Les pro­priétés de nos sources per­me­t­tent d’obtenir des réso­lu­tions de quelques micromètres, c’est-à-dire dix à cent fois moins épais qu’un cheveu. Appliquée au cas des can­cers du sein, l’imagerie par con­traste de phase per­me­t­tra une détec­tion très pré­coce avec une dose minimale.

Onde de sil­lage créée par l’im­pul­sion laser (en blanc) per­me­t­tant la réal­i­sa­tion de champs élec­triques accéléra­teurs de l’or­dre de plusieurs cen­taines de giga­volts par mètre.

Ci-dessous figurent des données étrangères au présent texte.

(* Let $\mathbf C$ be an admissible category of coframes. There is an identity-on-morphisms functor $(L,\lim_L)\mapsto(L,\operatorname{adh}_L)$ from $\mathbf C^{\mathrm{pretop}}$ to $\mathbf C^{\mathrm{adh}}$, which is right adjoint to the identity-on-morphisms functor $(L,\nu)\mapsto(L,\lim_\nu)$ from $\mathbf C^{\mathrm{adh}}$ to $\mathbf C^{\mathrm{pretop}}$. The same holds with $\mathbf C^{\mathrm{pretop}}_{\mathrm{cl}}$ in place of $\mathbf C^{\mathrm{pretop}}$.
   Context: A category of coframes has coframes as objects and coframe morphisms (preserving arbitrary infima and finite suprema); it is admissible if every powerset is an object and there are classes of index sets $\mathcal I,\mathcal J$ with morphisms exactly the monotone maps preserving existing $I$-indexed infima ($I\in\mathcal I$) and $J$-indexed suprema ($J\in\mathcal J$). Every coframe morphism $\varphi$ has a left adjoint $\varphi_!$. $\mathcal C_L$ is the set of complemented elements of $L$. A filter on $L$ is a non-empty upward-closed subset closed under binary meets ($L$ allowed); $\mathbb F L$ is the set of filters. For $\mathcal A\subseteq L$, its grill is $\mathcal A^\#=\{\ell\in L: a\wedge\ell\ne\bot\text{ for all }a\in\mathcal A\}$. A convergence $\mathbf C$-object is $(L,\lim_L)$ with $\lim_L:\mathbb F L\to L$ monotone; morphisms are $\mathbf C$-morphisms $\varphi:L\to L'$ with $\lim_{L'}\mathcal F\le\varphi(\lim_L\varphi^{-1}(\mathcal F))$. It is pretopological if $\lim_L\bigcap_i\mathcal F_i=\bigwedge_i\lim_L\mathcal F_i$ for all families of filters, and classical if $\mathcal F\cap\mathcal C_L=\mathcal G\cap\mathcal C_L$ implies $\lim_L\mathcal F=\lim_L\mathcal G$; $\mathbf C^{\mathrm{pretop}}$ and $\mathbf C^{\mathrm{pretop}}_{\mathrm{cl}}$ are the corresponding full subcategories. The raw adherence is $\operatorname{adh}^0_L\ell=\bigvee\{\lim_L\mathcal F:\mathcal F\in\mathbb F L,\ \ell\in\mathcal F^\#\}$, and the adherence is $\operatorname{adh}_L\ell=\bigwedge\{\operatorname{adh}^0_L a: a\in\mathcal C_L,\ a\ge\ell\}$. An adherence structure on $L$ is a monotone $\nu:L\to L$ preserving finite suprema of complemented elements and satisfying $\nu(\ell)=\bigwedge\{\nu(a):a\in\mathcal C_L,a\ge\ell\}$. An adherence $\mathbf C$-object is $(L,\nu_L)$ with $\nu_L$ an adherence structure; $\mathbf C^{\mathrm{adh}}$ has as morphisms the $\mathbf C$-morphisms $\varphi:L\to L'$ with $\nu_{L'}(\ell')\le\varphi(\nu_L(\varphi_!(\ell')))$ for all $\ell'\in L'$. For an adherence structure $\nu$, $\lim_\nu\mathcal F=\bigwedge\{\nu(a):a\in\mathcal C_L\cap\mathcal F^\#\}$. *)

theory Defs
  imports Main
begin

class coframe = complete_lattice +
  assumes coframe_sup_Inf: "sup a (Inf S) = (INF b\<in>S. sup a b)"

definition cofr_mor :: "('a::coframe \<Rightarrow> 'b::coframe) \<Rightarrow> bool" where
  "cofr_mor \<phi> \<longleftrightarrow> (\<forall>S. \<phi> (Inf S) = Inf (\<phi> ` S)) \<and> \<phi> bot = bot
      \<and> (\<forall>a b. \<phi> (sup a b) = sup (\<phi> a) (\<phi> b))"

definition ladj :: "('a::coframe \<Rightarrow> 'b::coframe) \<Rightarrow> 'b \<Rightarrow> 'a" where
  "ladj \<phi> y = Inf {x. y \<le> \<phi> x}"

definition compl_elems :: "'a::coframe set" where
  "compl_elems = {a. \<exists>b. inf a b = bot \<and> sup a b = top}"

text \<open>Filters on L (the improper filter L itself allowed).\<close>
definition lfilter :: "'a::coframe set \<Rightarrow> bool" where
  "lfilter F \<longleftrightarrow> F \<noteq> {} \<and> (\<forall>x y. x \<in> F \<longrightarrow> x \<le> y \<longrightarrow> y \<in> F)
      \<and> (\<forall>x y. x \<in> F \<longrightarrow> y \<in> F \<longrightarrow> inf x y \<in> F)"

definition grill :: "'a::coframe set \<Rightarrow> 'a set" where
  "grill A = {l. \<forall>a\<in>A. inf a l \<noteq> bot}"

text \<open>A limit operation lim : FL -> L (represented as a total function, only its
  values on filters matter), monotone on filters.\<close>
definition conv_obj :: "('a::coframe set \<Rightarrow> 'a) \<Rightarrow> bool" where
  "conv_obj lim \<longleftrightarrow> (\<forall>F G. lfilter F \<longrightarrow> lfilter G \<longrightarrow> F \<subseteq> G \<longrightarrow> lim F \<le> lim G)"

definition pretop :: "('a::coframe set \<Rightarrow> 'a) \<Rightarrow> bool" where
  "pretop lim \<longleftrightarrow> conv_obj lim \<and>
     (\<forall>\<FF>. (\<forall>F\<in>\<FF>. lfilter F) \<longrightarrow> lim (\<Inter>\<FF>) = (INF F\<in>\<FF>. lim F))"

definition classical :: "('a::coframe set \<Rightarrow> 'a) \<Rightarrow> bool" where
  "classical lim \<longleftrightarrow> (\<forall>F G. lfilter F \<longrightarrow> lfilter G \<longrightarrow>
       F \<inter> compl_elems = G \<inter> compl_elems \<longrightarrow> lim F = lim G)"

definition conv_mor :: "('a::coframe set \<Rightarrow> 'a) \<Rightarrow> ('b::coframe set \<Rightarrow> 'b) \<Rightarrow> ('a \<Rightarrow> 'b) \<Rightarrow> bool" where
  "conv_mor lim lim' \<phi> \<longleftrightarrow> cofr_mor \<phi> \<and>
     (\<forall>F. lfilter F \<longrightarrow> lim' F \<le> \<phi> (lim (\<phi> -` F)))"

definition adh0 :: "('a::coframe set \<Rightarrow> 'a) \<Rightarrow> 'a \<Rightarrow> 'a" where
  "adh0 lim l = Sup {lim F | F. lfilter F \<and> l \<in> grill F}"

definition adh :: "('a::coframe set \<Rightarrow> 'a) \<Rightarrow> 'a \<Rightarrow> 'a" where
  "adh lim l = Inf {adh0 lim a | a. a \<in> compl_elems \<and> l \<le> a}"

definition adh_structure :: "('a::coframe \<Rightarrow> 'a) \<Rightarrow> bool" where
  "adh_structure \<nu> \<longleftrightarrow> mono \<nu> \<and> \<nu> bot = bot
     \<and> (\<forall>a b. a \<in> compl_elems \<longrightarrow> b \<in> compl_elems \<longrightarrow> \<nu> (sup a b) = sup (\<nu> a) (\<nu> b))
     \<and> (\<forall>l. \<nu> l = Inf {\<nu> a | a. a \<in> compl_elems \<and> l \<le> a})"

definition adh_mor :: "('a::coframe \<Rightarrow> 'a) \<Rightarrow> ('b::coframe \<Rightarrow> 'b) \<Rightarrow> ('a \<Rightarrow> 'b) \<Rightarrow> bool" where
  "adh_mor \<nu> \<nu>' \<phi> \<longleftrightarrow> cofr_mor \<phi> \<and> (\<forall>y. \<nu>' y \<le> \<phi> (\<nu> (ladj \<phi> y)))"

definition lim_of :: "('a::coframe \<Rightarrow> 'a) \<Rightarrow> 'a set \<Rightarrow> 'a" where
  "lim_of \<nu> F = Inf {\<nu> a | a. a \<in> compl_elems \<inter> grill F}"

end

theory Submission
  imports Defs
begin

text \<open>Everything is decided on complemented elements. If a has complement b and F is a
  filter, then a meets every member of F exactly when b \<notin> F. Hence the complemented part of
  the grill of F depends only on the complemented part of F, the complemented grill of an
  intersection of filters is the union of their complemented grills, and grills of filters are
  prime; this makes adh an adherence structure and lim_\<nu> a classical pretopology. For the
  adjunction, both "\<phi> is a morphism lim_\<nu> \<rightarrow> lim'" and "\<phi> is a morphism \<nu> \<rightarrow> adh_lim'"
  unfold to adh0_lim' (\<phi> a) \<le> \<phi> (\<nu> a) for all complemented a. None of this needs the
  convergences to be pretopological.\<close>

context coframe
begin

subclass distrib_lattice
proof
  fix x y z :: 'a
  have "sup x (Inf {y, z}) = (INF b\<in>{y, z}. sup x b)" by (rule coframe_sup_Inf)
  then show "sup x (inf y z) = inf (sup x y) (sup x z)" by simp
qed

end

lemma compl_elemsE:
  assumes "a \<in> compl_elems"
  obtains b where "inf a b = bot" "sup a b = top" "b \<in> compl_elems"
  using assms unfolding compl_elems_def by (auto simp: inf_commute sup_commute)

lemma le_complement:
  fixes a b x :: "'a::coframe"
  assumes "inf a b = bot" "sup a b = top" "inf x a = bot"
  shows "x \<le> b"
proof -
  have "x = inf x (sup a b)" using assms(2) by simp
  also have "\<dots> = inf x b" using assms(3) by (simp add: inf_sup_distrib1)
  finally show ?thesis by (metis inf.cobounded2)
qed

lemma bot_in_compl_elems: "(bot::'a::coframe) \<in> compl_elems"
  unfolding compl_elems_def by auto

lemma sup_in_compl_elems:
  fixes a b :: "'a::coframe"
  assumes "a \<in> compl_elems" "b \<in> compl_elems"
  shows "sup a b \<in> compl_elems"
proof -
  obtain a' where a: "inf a a' = bot" "sup a a' = top" using assms(1) by (rule compl_elemsE)
  obtain b' where b: "inf b b' = bot" "sup b b' = top" using assms(2) by (rule compl_elemsE)
  have "inf (sup a b) (inf a' b') = bot"
    using a(1) b(1) by (simp add: inf_sup_distrib2) (metis inf.assoc inf.commute inf_bot_left)
  moreover have "sup (sup a b) (inf a' b') = top"
    using a(2) b(2) by (simp add: sup_inf_distrib1) (metis sup.assoc sup.commute sup_top_right)
  ultimately show ?thesis unfolding compl_elems_def by blast
qed

lemma grill_upward:
  fixes l :: "'a::coframe"
  assumes "l \<in> grill F" "l \<le> l'"
  shows "l' \<in> grill F"
  unfolding grill_def
proof clarify
  fix f assume "f \<in> F" "inf f l' = bot"
  moreover have "inf f l \<le> inf f l'" using assms(2) by (simp add: inf.coboundedI2)
  ultimately show False using assms(1) unfolding grill_def by (auto simp: bot_unique)
qed

lemma grill_antimono: "F \<subseteq> G \<Longrightarrow> grill G \<subseteq> grill F"
  unfolding grill_def by auto

lemma bot_notin_grill: "lfilter F \<Longrightarrow> (bot::'a::coframe) \<notin> grill F"
  unfolding grill_def lfilter_def by auto

lemma notin_grill_iff_complement_in_filter:
  fixes a b :: "'a::coframe"
  assumes F: "lfilter F" and ab: "inf a b = bot" "sup a b = top"
  shows "a \<notin> grill F \<longleftrightarrow> b \<in> F"
proof
  assume "a \<notin> grill F"
  then obtain f where "f \<in> F" "inf f a = bot" unfolding grill_def by auto
  with le_complement[OF ab] F show "b \<in> F" unfolding lfilter_def by blast
next
  assume "b \<in> F"
  then show "a \<notin> grill F" using ab(1) unfolding grill_def by (auto simp: inf_commute)
qed

lemma grill_sup_disj:
  fixes a b :: "'a::coframe"
  assumes F: "lfilter F" and ab: "sup a b \<in> grill F"
  shows "a \<in> grill F \<or> b \<in> grill F"
proof (rule ccontr)
  assume "\<not> (a \<in> grill F \<or> b \<in> grill F)"
  then obtain f g where fg: "f \<in> F" "inf f a = bot" "g \<in> F" "inf g b = bot"
    unfolding grill_def by auto
  then have "inf (inf f g) (sup a b) = bot"
    by (simp add: inf_sup_distrib1) (metis inf.assoc inf.commute inf_bot_left)
  moreover have "inf f g \<in> F" using F fg unfolding lfilter_def by blast
  ultimately show False using ab unfolding grill_def by auto
qed

lemma compl_elems_Int_grill_Inter:
  fixes \<FF> :: "'a::coframe set set"
  assumes "\<forall>F\<in>\<FF>. lfilter F"
  shows "compl_elems \<inter> grill (\<Inter>\<FF>) = (\<Union>F\<in>\<FF>. compl_elems \<inter> grill F)"
proof (intro equalityI subsetI)
  fix a assume a: "a \<in> compl_elems \<inter> grill (\<Inter>\<FF>)"
  obtain b where b: "inf a b = bot" "sup a b = top" using a by (blast elim: compl_elemsE)
  have "b \<notin> \<Inter>\<FF>" using a b(1) unfolding grill_def by (auto simp: inf_commute)
  then show "a \<in> (\<Union>F\<in>\<FF>. compl_elems \<inter> grill F)"
    using a notin_grill_iff_complement_in_filter[OF _ b] assms by blast
qed (use grill_antimono in blast)

lemma compl_elems_Int_grill_cong:
  fixes F G :: "'a::coframe set"
  assumes "lfilter F" "lfilter G" "F \<inter> compl_elems = G \<inter> compl_elems"
  shows "compl_elems \<inter> grill F = compl_elems \<inter> grill G"
proof (intro set_eqI)
  fix a
  show "a \<in> compl_elems \<inter> grill F \<longleftrightarrow> a \<in> compl_elems \<inter> grill G"
  proof (cases "a \<in> compl_elems")
    case True
    then obtain b where "inf a b = bot" "sup a b = top" "b \<in> compl_elems" by (rule compl_elemsE)
    then show ?thesis using assms notin_grill_iff_complement_in_filter by blast
  qed simp
qed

Au sein du Lab­o­ra­toire d’optique appliquée, nous tra­vail­lons sur cette tech­nique. Pour le moment, l’imagerie par con­traste de phase pour la détec­tion du can­cer fait l’objet d’intenses recherch­es mais n’est pas encore util­isée cliniquement.

Un cliché instantanné

Nous tra­vail­lons sur l’optimisation de cette tech­nique d’imagerie par con­traste de phase.

À l’heure actuelle, avec les clichés par imagerie médi­cale, il n’est pas pos­si­ble d’empêcher que le patient bouge, même très légère­ment. À cause de ce mou­ve­ment, l’image est floutée. En amélio­rant la tech­nique de l’imagerie par con­traste de phase, l’objectif est d’avoir un cliché instan­ta­né qui ne sera pas flouté par ce mouvement.

La bourse ERC va nous per­me­t­tre de financer ces recherch­es et d’étudier avec entre autres la Spin-off Source­LAB issue d’une précé­dente bourse ERC la per­ti­nence indus­trielle de l’approche.

Du concept à l’application

C’est avant tout un tra­vail d’équipe, avec de jeunes doc­tor­ants, post­doc­tor­ants et chercheurs, tous extrême­ment bril­lants et motivés, qui est récom­pen­sé. C’est aus­si la con­ti­nu­ité de nos recherch­es qui ont débuté il y a une dizaine d’années.

“ Un travail d’équipe, avec de jeunes doctorants, postdoctorants et chercheurs brillants et motivés ”

Grâce à cette bourse d’une durée de dix-huit mois, nous allons met­tre en place un arse­nal de tech­niques inno­vantes basées sur la tech­nolo­gie laser-plas­ma pour la détec­tion des can­cers, et notam­ment le can­cer du sein.

Ces tech­nolo­gies pour­raient, je l’espère, être appliquées d’ici quelques années.

À terme, l’objectif est de met­tre en place des instal­la­tions expéri­men­tales dédiées au médi­cal au sein même du Lab­o­ra­toire d’optique appliquée, où imagerie et traite­ment seront con­join­te­ment poursuivis.

Cette bourse vient en com­plé­ment d’autres bours­es « ERC Advanced Grants » qui m’ont per­mis de réalis­er des avancées plus fon­da­men­tales ; elle per­met donc cette tran­si­tion vertueuse entre un con­cept fon­da­men­tal et son appli­ca­tion sociétale.